Второе основополагающее положение старой "норманистской" школы о социально-политическом превосходстве древнескандинавского общества над восточнославянским также не выдержало исследовательской проверки. Становление феодальных отношений в Скандинавии стало в 1960–1970-е годы предметом широких научных исследований и дискуссий в СССР, Польше, ГДР (А. Я. Гуревич, И. П. Шаскольский, С. Д. Ковалевский, Я. Жак, С. Пекарчик, Л. Лицевич, И. Херманн), в ходе которых было установлено, что эпоха викингов для Скандинавии – это время становления классового общества и раннефеодальных государств (при всей неравномерности развития отдельных стран). Хотя время завершения этих процессов еще продолжает обсуждаться в научной литературе и варьируется в широких пределах от XI до XIII вв., сопоставление с древнерусским материалом показывает относительную синхронность этих процессов в Восточной и Северной Европе, особенно на раннем этапе (несмотря на различия в конкретных формах их проявления).

Тем самым теоретический фундамент как "классической" норманнской теории Томсена – Арне, так и "неонорманизма" Стендер-Петерсена оказался и был признан буржуазными исследователями несостоятельным. Это потребовало значительного углубления и модернизации как исследовательской методики и расширения источниковой базы, так и изменения теоретических построений и создало почву для пересмотра постановки проблемы русско-скандинавских отношений, происходящего в настоящее время.

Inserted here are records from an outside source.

lemma matrix_inv_nth_cramer:
  fixes A :: "'a::field^'n^'n"
  assumes "det A \<noteq> 0"
  shows "matrix_inv A $ k $ j = det (\<chi> i l. if l = k then axis j 1 $ i else A $ i $ l) / det A"
proof -
  have "A *v (matrix_inv A *v axis j 1) = axis j 1"
    using assms by (simp add: matrix_vector_mul_assoc matrix_inv_right invertible_det_nz)
  then have "matrix_inv A *v axis j 1 = (\<chi> k. det (\<chi> i l. if l = k then axis j 1 $ i else A $ i $ l) / det A)"
    using cramer[OF assms] by blast
  moreover have "(matrix_inv A *v axis j 1) $ k = matrix_inv A $ k $ j"
    by (simp add: matrix_vector_mult_def axis_def if_distrib if_distribR cong: if_cong)
  ultimately show ?thesis
    by simp
qed

lemma holomorphic_on_det:
  fixes A :: "complex \<Rightarrow> complex^'n^'n"
  assumes "\<And>i j. (\<lambda>z. A z $ i $ j) holomorphic_on S"
  shows "(\<lambda>z. det (A z)) holomorphic_on S"
  unfolding det_def by (intro holomorphic_intros assms)

lemma holomorphic_on_matrix_inv_nth:
  fixes A :: "complex \<Rightarrow> complex^'n^'n"
  assumes hol: "\<And>i j. (\<lambda>z. A z $ i $ j) holomorphic_on S"
    and det: "\<And>z. z \<in> S \<Longrightarrow> det (A z) \<noteq> 0"
  shows "(\<lambda>z. matrix_inv (A z) $ k $ j) holomorphic_on S"
proof (rule holomorphic_transform)
  have "(\<lambda>z. (\<chi> i l. if l = k then axis j 1 $ i else A z $ i $ l) $ i $ l) holomorphic_on S" for i l
    by (cases "l = k") (simp_all add: hol)
  then show "(\<lambda>z. det (\<chi> i l. if l = k then axis j 1 $ i else A z $ i $ l) / det (A z)) holomorphic_on S"
    by (intro holomorphic_intros holomorphic_on_det hol det)
qed (simp add: matrix_inv_nth_cramer det)

section \<open>Accretive matrices\<close>

definition cinner :: "complex^'n \<Rightarrow> complex^'n \<Rightarrow> complex" where
  "cinner u v = (\<Sum>i\<in>UNIV. cnj (u $ i) * v $ i)"

definition accretive :: "complex^'n^'n \<Rightarrow> bool" where
  "accretive B \<longleftrightarrow> (\<forall>u. u \<noteq> 0 \<longrightarrow> Re (cinner u (B *v u)) > 0)"

lemma cinner_add_left: "cinner (x + y) u = cinner x u + cinner y u"
  by (simp add: cinner_def distrib_right sum.distrib)

lemma cinner_smult_left: "cinner (a *s x) u = cnj a * cinner x u"
  by (simp add: cinner_def sum_distrib_left mult.assoc)

lemma cinner_smult_right: "cinner u (a *s x) = a * cinner u x"
  by (simp add: cinner_def sum_distrib_left mult.left_commute)

lemma cinner_self: "cinner u u = of_real (\<Sum>i\<in>UNIV. (cmod (u $ i))\<^sup>2)"
proof -
  have "cnj z * z = of_real ((cmod z)\<^sup>2)" for z
    by (simp only: mult.commute[of "cnj z"] complex_mult_cnj cmod_power2)
  then show ?thesis
    unfolding cinner_def of_real_sum by (rule sum.cong[OF refl])
qed

lemma Re_cinner_self_pos:
  assumes "u \<noteq> 0"
  shows "Re (cinner u u) > 0"
proof -
  obtain i where "u $ i \<noteq> 0"
    using assms by (auto simp: vec_eq_iff)
  then have "0 < (cmod (u $ i))\<^sup>2"
    by simp
  also have "\<dots> \<le> (\<Sum>k\<in>UNIV. (cmod (u $ k))\<^sup>2)"
    by (rule member_le_sum) auto
  finally show ?thesis
    by (simp add: cinner_self)
qed

lemma accretive_eigval_Re_pos:
  assumes "accretive B" and "eigval B l"
  shows "Re l > 0"
proof -
  obtain u where u: "u \<noteq> 0" "B *v u = l *s u"
    using assms(2) by (auto simp: eigval_def)
  have "0 < Re (cinner u (B *v u))"
    using assms(1) u(1) by (simp add: accretive_def)
  also have "\<dots> = Re l * Re (cinner u u)"
    by (simp add: u(2) cinner_smult_right cinner_self)
  finally show ?thesis
    using Re_cinner_self_pos[OF u(1)] by (simp add: zero_less_mult_iff)
qed

lemma transpose_mRe: "transpose (mRe A) = mRe (transpose A)"
  by (simp add: vec_eq_iff transpose_def mRe_def)

lemma inner_matrix_vector_mult_eq_sum:
  "(v::real^'n) \<bullet> (A *v v) = (\<Sum>i\<in>UNIV. \<Sum>j\<in>UNIV. v $ i * A $ i $ j * v $ j)"
  by (simp add: inner_vec_def matrix_vector_mult_def sum_distrib_left mult.assoc)

lemma posdef_mRe_if_Mplus:
  assumes "\<delta> > 0" and "B \<in> Mplus \<delta>"
  shows "posdef (mRe B)"
proof -
  have plus: "posdef (\<delta> *\<^sub>R mRe B + mIm B)" and minus: "posdef (\<delta> *\<^sub>R mRe B - mIm B)"
    using assms(2) by (auto simp: Mplus_def)
  have "transpose B = B"
    using assms(2) by (simp add: Mplus_def)
  then have "transpose (mRe B) = mRe B"
    by (simp add: transpose_mRe)
  moreover have "v \<bullet> (mRe B *v v) > 0" if "v \<noteq> 0" for v
  proof -
    have "0 < v \<bullet> ((\<delta> *\<^sub>R mRe B + mIm B) *v v) + v \<bullet> ((\<delta> *\<^sub>R mRe B - mIm B) *v v)"
      using plus minus that by (simp add: posdef_def add_pos_pos)
    also have "\<dots> = 2 * \<delta> * (v \<bullet> (mRe B *v v))"
      unfolding inner_matrix_vector_mult_eq_sum
      by (simp add: algebra_simps sum.distrib sum_subtractf sum_distrib_left)
    finally show ?thesis
      using assms(1) by (simp add: zero_less_mult_iff)
  qed
  ultimately show ?thesis
    by (simp add: posdef_def)
qed

lemma posdef_quadratic_nonneg: "posdef A \<Longrightarrow> v \<bullet> (A *v v) \<ge> 0"
  by (cases "v = 0") (auto simp: posdef_def intro: less_imp_le)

В источниковедении норманнской проблемы важнейшим результатом послетомсеновского периода стал комплексный подход, сочетающий использование и исследование как разноязычных письменных источников (которые до Томсена и для него самого являлись практически единственными), так и археологических и нумизматических данных, материалов сравнительной лексикологии, ономастики, терминологии и т. д. Такое расширение круга источников позволило поставить ряд новых вопросов (об отражении русско-скандинавских связей в топонимике Восточной Европы, об участии скандинавов в распределении арабского серебра в Восточной и Северной Европе и др.), сопоставить и скорректировать выводы, полученные при анализе различных групп источников. Первой работой такого синтезирующего плана была публикуемая монография X. Ловмяньского.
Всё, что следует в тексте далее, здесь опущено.